Washington, D.C. - U.S. Sen. Lamar Alexander accused Senate Democrats of staging “a partisan political stunt” on Monday for pushing legislation that would let college students refinance their student loans at lower interest rates.

Alexander, a Maryville, Tennessee, Republican who served as education secretary under President George H.W. Bush, argued that the proposal does nothing for current and future students and amounts to a $1 per day subsidy for some old student loans.

“College students don’t need a $1 a day federal taxpayer subsidy to pay off a $27,000 student loan,” Alexander said in a speech on the Senate floor. “They need a job.”

Alexander’s remarks came as Senate Democrats were preparing to vote this week on a bill by U.S. Sen. Elizabeth Warren, D-Mass., that would let students who borrowed money at higher interest rates refinance those loans at lower rates that were approved last year for new borrowers. Supporters argue the refinancing plan would make student loans more affordable and would potentially save millions of dollars in student loan costs.
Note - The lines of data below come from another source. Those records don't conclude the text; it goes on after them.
(* Consider instances with binary domains ($|D_i|=2$ for all $i$) and a natural target distribution $\pi$ (i.e. $k\pi_i^j$ is an integer for all $i,j$), with loss $\|\cdot\|_1$. Consider the local search algorithm with parameter $\ell=1$: start from an arbitrary committee $A\subseteq C$ with $|A|=k$; while there exist $a\in A$ and $c\in C\setminus A$ with $\|\pi,r((A\setminus\{a\})\cup\{c\})\|_1<\|\pi,r(A)\|_1$, replace $A$ by $(A\setminus\{a\})\cup\{c\}$; output $A$. Then for every instance and every starting committee, the output $A$ satisfies $\|\pi,r(A)\|_1-\|\pi,r(A^* )\|_1\le p$, where $A^*$ is a committee of size $k$ optimal for $\|\cdot\|_1$ and $p$ is the number of attributes.
   Context: Attributes $X_1,\dots,X_p$, each with finite domain $D_i=\{x_i^1,\dots,x_i^{q_i}\}$. A candidate database is a finite set $C$ in which each candidate $c$ has a value vector $(X_1(c),\dots,X_p(c))\in D_1\times\dots\times D_p$ (different candidates may share a vector). A target distribution is $\pi=(\pi_1,\dots,\pi_p)$ with $\pi_i=(\pi_i^1,\dots,\pi_i^{q_i})$ nonnegative reals summing to $1$; $k\in\{1,\dots,|C|\}$. For $A\subseteq C$ with $|A|=k$, $r_i^j(A)=|\{c\in A: X_i(c)=x_i^j\}|/k$, and $\|\pi,r(A)\|_1=\sum_{i,j}|r_i^j(A)-\pi_i^j|$. A committee of size $k$ is optimal if it minimizes this loss over all $k$-element subsets of $C$. *)

theory Defs
  imports "HOL-Analysis.Analysis"
begin

text \<open>Attributes are indexed by i < p; X i c is the value of attribute i for candidate c;
  D i is the (finite) domain of attribute i; tgt i v is the target share of value v of attribute i.\<close>

definition share :: "nat \<Rightarrow> (nat \<Rightarrow> 'c \<Rightarrow> 'v) \<Rightarrow> 'c set \<Rightarrow> nat \<Rightarrow> 'v \<Rightarrow> real" where
  "share k X A i v = real (card {c \<in> A. X i c = v}) / real k"

definition loss1 :: "nat \<Rightarrow> (nat \<Rightarrow> 'v set) \<Rightarrow> (nat \<Rightarrow> 'c \<Rightarrow> 'v) \<Rightarrow> (nat \<Rightarrow> 'v \<Rightarrow> real)
    \<Rightarrow> nat \<Rightarrow> 'c set \<Rightarrow> real" where
  "loss1 p D X tgt k A = (\<Sum>i<p. \<Sum>v\<in>D i. \<bar>share k X A i v - tgt i v\<bar>)"

definition committee :: "'c set \<Rightarrow> nat \<Rightarrow> 'c set \<Rightarrow> bool" where
  "committee C k A \<longleftrightarrow> A \<subseteq> C \<and> card A = k"

definition optimal_committee :: "nat \<Rightarrow> (nat \<Rightarrow> 'v set) \<Rightarrow> (nat \<Rightarrow> 'c \<Rightarrow> 'v) \<Rightarrow> (nat \<Rightarrow> 'v \<Rightarrow> real)
    \<Rightarrow> 'c set \<Rightarrow> nat \<Rightarrow> 'c set \<Rightarrow> bool" where
  "optimal_committee p D X tgt C k A \<longleftrightarrow> committee C k A \<and>
     (\<forall>B. committee C k B \<longrightarrow> loss1 p D X tgt k A \<le> loss1 p D X tgt k B)"

definition ls_step :: "nat \<Rightarrow> (nat \<Rightarrow> 'v set) \<Rightarrow> (nat \<Rightarrow> 'c \<Rightarrow> 'v) \<Rightarrow> (nat \<Rightarrow> 'v \<Rightarrow> real)
    \<Rightarrow> 'c set \<Rightarrow> nat \<Rightarrow> 'c set \<Rightarrow> 'c set \<Rightarrow> bool" where
  "ls_step p D X tgt C k A A' \<longleftrightarrow>
     (\<exists>a\<in>A. \<exists>c\<in>C - A. A' = insert c (A - {a}) \<and>
        loss1 p D X tgt k A' < loss1 p D X tgt k A)"

definition ls_output :: "nat \<Rightarrow> (nat \<Rightarrow> 'v set) \<Rightarrow> (nat \<Rightarrow> 'c \<Rightarrow> 'v) \<Rightarrow> (nat \<Rightarrow> 'v \<Rightarrow> real)
    \<Rightarrow> 'c set \<Rightarrow> nat \<Rightarrow> 'c set \<Rightarrow> 'c set \<Rightarrow> bool" where
  "ls_output p D X tgt C k A0 A \<longleftrightarrow>
     (ls_step p D X tgt C k)\<^sup>*\<^sup>* A0 A \<and> \<not> (\<exists>A'. ls_step p D X tgt C k A A')"

end

theory Submission
  imports Defs
begin

(* With two values per attribute, fix one value u_i of each attribute. The loss of a committee S
  of size k is then 2/k times the integer deviation sum_i |n_i(S) - T_i|, where n_i(S) counts the
  members with value u_i and T_i = k * tgt_i(u_i) is an integer because the target is natural.
  Let A be swap-stable, B optimal, and m = |A - B| = |B - A| > 0. Sum the stability inequalities
  over all m^2 swaps of some a in A - B against some c in B - A. For an attribute whose deviation
  d_i at A is nonzero, integrality means no single swap flips the sign of d_i, so the swaps act
  linearly and their total gain is m sgn(d_i) (e_i - d_i) <= m (|e_i| - |d_i|), with e_i the
  deviation at B; an attribute with d_i = 0 gains at most m^2 in total. Since the total gain is
  nonnegative, |d_i| <= k and m <= k, this yields 2 (dev A - dev B) <= p k, i.e. the loss gap is
  at most p. *)

lemma abs_add_eq_sgn_mult:
  fixes d e :: int
  assumes "d \<noteq> 0" and "\<bar>e\<bar> \<le> 1"
  shows "\<bar>d + e\<bar> - \<bar>d\<bar> = sgn d * e"
  using assms by (cases "d > 0") (auto simp: abs_if sgn_if)

lemma sgn_mult_diff_le_abs_diff:
  fixes d e :: int
  shows "sgn d * (e - d) \<le> \<bar>e\<bar> - \<bar>d\<bar>"
  by (cases d "0 :: int" rule: linorder_cases) auto

lemma swap_gain_sum_le:
  fixes x :: "'c \<Rightarrow> int" and d :: int
  assumes card: "card P = m" "card Q = m" and x01: "\<And>c. x c \<in> {0, 1}"
  shows "(\<Sum>a\<in>P. \<Sum>c\<in>Q. \<bar>d + x c - x a\<bar> - \<bar>d\<bar>)
           \<le> int m * (if d = 0 then int m else \<bar>d + sum x Q - sum x P\<bar> - \<bar>d\<bar>)"
proof (cases "d = 0")
  case True
  have "(\<Sum>a\<in>P. \<Sum>c\<in>Q. \<bar>d + x c - x a\<bar> - \<bar>d\<bar>) \<le> (\<Sum>a\<in>P. \<Sum>c\<in>Q. 1)"
  proof (intro sum_mono)
    fix a c
    show "\<bar>d + x c - x a\<bar> - \<bar>d\<bar> \<le> 1"
      using True x01[of a] x01[of c] by auto
  qed
  then show ?thesis
    using True card by simp
next
  case False
  have "(\<Sum>a\<in>P. \<Sum>c\<in>Q. \<bar>d + x c - x a\<bar> - \<bar>d\<bar>) = (\<Sum>a\<in>P. \<Sum>c\<in>Q. sgn d * (x c - x a))"
  proof (intro sum.cong refl)
    fix a c
    have "\<bar>x c - x a\<bar> \<le> 1"
      using x01[of a] x01[of c] by auto
    then show "\<bar>d + x c - x a\<bar> - \<bar>d\<bar> = sgn d * (x c - x a)"
      by (metis abs_add_eq_sgn_mult[OF False] add_diff_eq)
  qed
  also have "\<dots> = int m * (sgn d * ((d + sum x Q - sum x P) - d))"
    using card by (simp add: sum_subtractf sum_distrib_left algebra_simps)
  also have "\<dots> \<le> int m * (\<bar>d + sum x Q - sum x P\<bar> - \<bar>d\<bar>)"
    by (intro mult_left_mono sgn_mult_diff_le_abs_diff) simp
  finally show ?thesis
    using False by simp
qed

definition deviation :: "nat \<Rightarrow> (nat \<Rightarrow> 'c \<Rightarrow> int) \<Rightarrow> (nat \<Rightarrow> int) \<Rightarrow> 'c set \<Rightarrow> int" where
  "deviation p x T S = (\<Sum>i<p. \<bar>sum (x i) S - T i\<bar>)"

lemma card_Diff_commute:
  assumes "finite A" and "finite B" and "card A = card B"
  shows "card (A - B) = card (B - A)"
  using assms card_Diff_subset_Int[of A B] card_Diff_subset_Int[of B A] by (simp add: Int_commute)

lemma sum_eq_sum_add_Diff_diff:
  fixes f :: "'a \<Rightarrow> 'b :: ab_group_add"
  assumes "finite A" and "finite B"
  shows "sum f B = sum f A + sum f (B - A) - sum f (A - B)"
proof -
  have "A - A \<inter> B = A - B" "B - A \<inter> B = B - A"
    by blast+
  then show ?thesis
    using sum.subset_diff[of "A \<inter> B" A f] sum.subset_diff[of "A \<inter> B" B f] assms by simp
qed

lemma swap_stable_total_gain_nonneg:
  fixes x :: "nat \<Rightarrow> 'c \<Rightarrow> int" and T :: "nat \<Rightarrow> int"
  assumes fin: "finite A" "finite B" and card: "card A = card B" and "A - B \<noteq> {}"
    and x01: "\<And>i c. x i c \<in> {0, 1}"
    and stable: "\<And>a c. a \<in> A - B \<Longrightarrow> c \<in> B - A \<Longrightarrow>
                   deviation p x T A \<le> deviation p x T (insert c (A - {a}))"
  shows "0 \<le> (\<Sum>i<p. if sum (x i) A = T i then int (card (A - B))
                      else \<bar>sum (x i) B - T i\<bar> - \<bar>sum (x i) A - T i\<bar>)"
    (is "0 \<le> (\<Sum>i<p. ?bound i)")
proof -
  define m where "m = card (A - B)"
  define d where "d i = sum (x i) A - T i" for i
  have gain: "0 \<le> (\<Sum>i<p. \<bar>d i + x i c - x i a\<bar> - \<bar>d i\<bar>)" if "a \<in> A - B" "c \<in> B - A" for a c
  proof -
    have "a \<in> A" "c \<notin> A"
      using that by auto
    with stable[OF that] fin show ?thesis
      by (simp add: deviation_def d_def sum_diff1 sum_subtractf algebra_simps)
  qed
  have "0 \<le> (\<Sum>a\<in>A - B. \<Sum>c\<in>B - A. \<Sum>i<p. \<bar>d i + x i c - x i a\<bar> - \<bar>d i\<bar>)"
    by (intro sum_nonneg[OF sum_nonneg] gain)
  also have "\<dots> = (\<Sum>i<p. \<Sum>a\<in>A - B. \<Sum>c\<in>B - A. \<bar>d i + x i c - x i a\<bar> - \<bar>d i\<bar>)"
    by (subst sum.swap) (simp add: sum.swap[of _ "B - A"])
  also have "\<dots> \<le> (\<Sum>i<p. int m * ?bound i)"
  proof (rule sum_mono)
    fix i
    have B: "d i + sum (x i) (B - A) - sum (x i) (A - B) = sum (x i) B - T i"
      using sum_eq_sum_add_Diff_diff[OF fin, of "x i"] unfolding d_def by linarith
    have "card (B - A) = m"
      using card_Diff_commute[OF fin card] by (simp add: m_def)
    then have "(\<Sum>a\<in>A - B. \<Sum>c\<in>B - A. \<bar>d i + x i c - x i a\<bar> - \<bar>d i\<bar>)
        \<le> int m * (if d i = 0 then int m else \<bar>d i + sum (x i) (B - A) - sum (x i) (A - B)\<bar> - \<bar>d i\<bar>)"
      by (rule swap_gain_sum_le[OF m_def[symmetric] _ x01])
    also have "\<dots> = int m * ?bound i"
      unfolding B by (simp add: m_def d_def)
    finally show "(\<Sum>a\<in>A - B. \<Sum>c\<in>B - A. \<bar>d i + x i c - x i a\<bar> - \<bar>d i\<bar>) \<le> int m * ?bound i" .
  qed
  finally show ?thesis
    using assms(4) fin by (simp add: m_def sum_distrib_left[symmetric] zero_le_mult_iff)
qed

lemma swap_stable_deviation_gap:
  fixes x :: "nat \<Rightarrow> 'c \<Rightarrow> int" and T :: "nat \<Rightarrow> int"
  assumes fin: "finite A" "finite B" and card: "card A = k" "card B = k"
    and x01: "\<And>i c. x i c \<in> {0, 1}"
    and T: "\<And>i. i < p \<Longrightarrow> 0 \<le> T i \<and> T i \<le> int k"
    and stable: "\<And>a c. a \<in> A - B \<Longrightarrow> c \<in> B - A \<Longrightarrow>
                   deviation p x T A \<le> deviation p x T (insert c (A - {a}))"
  shows "2 * (deviation p x T A - deviation p x T B) \<le> int p * int k"
proof (cases "A - B = {}")
  case True
  then have "A = B"
    using card_subset_eq fin card by (metis Diff_eq_empty_iff)
  then show ?thesis
    by simp
next
  case False
  define m where "m = card (A - B)"
  define d where "d i = sum (x i) A - T i" for i
  define e where "e i = sum (x i) B - T i" for i
  define bound where "bound i = (if d i = 0 then int m else \<bar>e i\<bar> - \<bar>d i\<bar>)" for i
  have bound_nonneg: "0 \<le> (\<Sum>i<p. bound i)"
    using swap_stable_total_gain_nonneg[OF fin _ False x01 stable] card
    unfolding bound_def m_def d_def e_def by simp
  have "2 * (\<bar>d i\<bar> - \<bar>e i\<bar>) \<le> int k - bound i" if "i < p" for i
  proof -
    have "0 \<le> x i c \<and> x i c \<le> 1" for c
      using x01[of i c] by auto
    then have "0 \<le> sum (x i) A" "sum (x i) A \<le> int k"
      using sum_bounded_above[of A "x i" 1] card(1) by (auto intro: sum_nonneg)
    moreover have "m \<le> k"
      using fin card card_mono[of A "A - B"] by (simp add: m_def)
    ultimately show ?thesis
      using T[OF that] by (auto simp: bound_def d_def)
  qed
  then have "2 * (\<Sum>i<p. \<bar>d i\<bar> - \<bar>e i\<bar>) \<le> (\<Sum>i<p. int k - bound i)"
    unfolding sum_distrib_left by (intro sum_mono) simp
  then show ?thesis
    using bound_nonneg by (simp add: deviation_def sum_subtractf d_def e_def)
qed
Alexander, however, said the bill is unfair because it treats former college students who have old loans better than current students or new students. Interest rates on old loans would be frozen, while rates on new loans may rise when market prices rise, he said.

Alexander, the senior Republican on the Senate Health, Education, Labor and Pensions Committee, also charged that the bill is unfair to taxpayers.

Under the Democrats’ plan, the tax revenue lost by allowing students to refinance their loans would be made up by raising taxes on the wealthy. Alexander said the proposal would raise individual income taxes by $72 billion and could add as much as $420 billion in new federal debt.

Alexander called for the proposal to be sent back to the education committee, which is involved in discussions to reauthorize the higher education act, which he said is the kind of “serious discussion” that produced a new law last year that cut in half interest rates for all new undergraduate student loans.